Thirty grams of GA (acacia senegal exudate), fine powder packed as one sachet, was administered for 12 weeks as a single dose dissolved in water to be consumed in the early morning. Renal and liver function parameters were measured as a baseline, after week 4 and week 12 of GA oral ingestion.

Measurement of Blood Chemistry

Three ml were withdrawn from a lithium heparin container. Plasma was separated by centrifugation at 2,000 rpm for 10 min and then aliquoted and submitted for biochemical analysis.

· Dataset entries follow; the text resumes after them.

(* Let $G$ be a graph with no edge $e$ satisfying $|F_e|\ge 4$, no induced chordless cycle on 4 vertices, and no induced path on at least 7 vertices, and let $u,v,w$ be an induced path on three vertices in $G$, with $B_i$, $E_1$ and $j$ defined from $u,v,w$ as in the context. If $j\ge 2$, then the induced subgraph $G[B_2\cup\cdots\cup B_j]$ (meaning $G[\bigcup_{i\ge2}B_i]$ if $j=\infty$) is a collection of at most $|E_1|$ vertex-disjoint paths, i.e., each of its connected components is a path (possibly a single vertex) and it has at most $|E_1|$ connected components.
   Context: All graphs are finite, simple and undirected. For an edge $e$ of $G$, $F_e$ denotes the set of all edges $e'$ of $G$ such that $V(e)\cup V(e')$ induces a path on three vertices in $G$. Let $u,v,w$ be an induced path on three vertices ($uv,vw\in E(G)$, $uw\notin E(G)$), and $A=\{u,v,w\}$. $B$ is the set of vertices not in $A$ with exactly one or two neighbors in $A$; $C$ is the set of vertices adjacent to all three vertices of $A$; $D$ is the set of vertices not in $A\cup B\cup C$ with at least one neighbor in $C$. For $i\ge1$, $B_i$ is the set of vertices $x\notin A\cup B\cup C\cup D$ whose distance in $G$ to the set $B$ is exactly $i$; $B_0=B$, $B_{-1}=A$. For $i\ge0$, $E_i$ is the set of edges with one endpoint in $B_i$ and the other in $B_{i+1}$. $j$ is the minimum index $i\ge0$ such that there is an edge $e\in E_i$ with $|F_e|\ge3$, and $j=\infty$ if no such index exists. *)

theory Defs
  imports Main "HOL-Library.Extended_Nat"
begin

definition simple_graph :: "'a set \<Rightarrow> ('a \<Rightarrow> 'a \<Rightarrow> bool) \<Rightarrow> bool" where
  "simple_graph V adj \<longleftrightarrow> finite V \<and> (\<forall>x y. adj x y \<longrightarrow> adj y x)
     \<and> (\<forall>x. \<not> adj x x) \<and> (\<forall>x y. adj x y \<longrightarrow> x \<in> V \<and> y \<in> V)"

Cobas C311 (Roche, Germany) automated chemistry analyzer was used to measure the total protein, albumin, alanine aminotransferase (ALT), aspartate aminotransferase (AST), alkaline phosphatase, amylase, creatinine, total bilirubin, and direct bilirubin values. The machine applies absorption photometry to determine the absorbance amount in the blood that is used to calculate the concentration in the sample and apply the ion-selective electrode (ISE) to measure electrolytes level (23). The concept of measurement of ALT liver enzymes catalyzes the reaction between L-alanine and 2-oxoglutarate (24, 25). While AST catalyzes the transfer of an amino group between L-aspartate and 2-oxoglutarate to form oxaloacetate and L-glutamate (25). The ALP concept of measurementis that, p-nitrophenyl phosphate is cleaved by phosphatases into phosphate and p-nitrophenol in the presence of magnesium and zinc ions. The p-nitrophenol released is directly proportional to the catalytic ALP activity (26).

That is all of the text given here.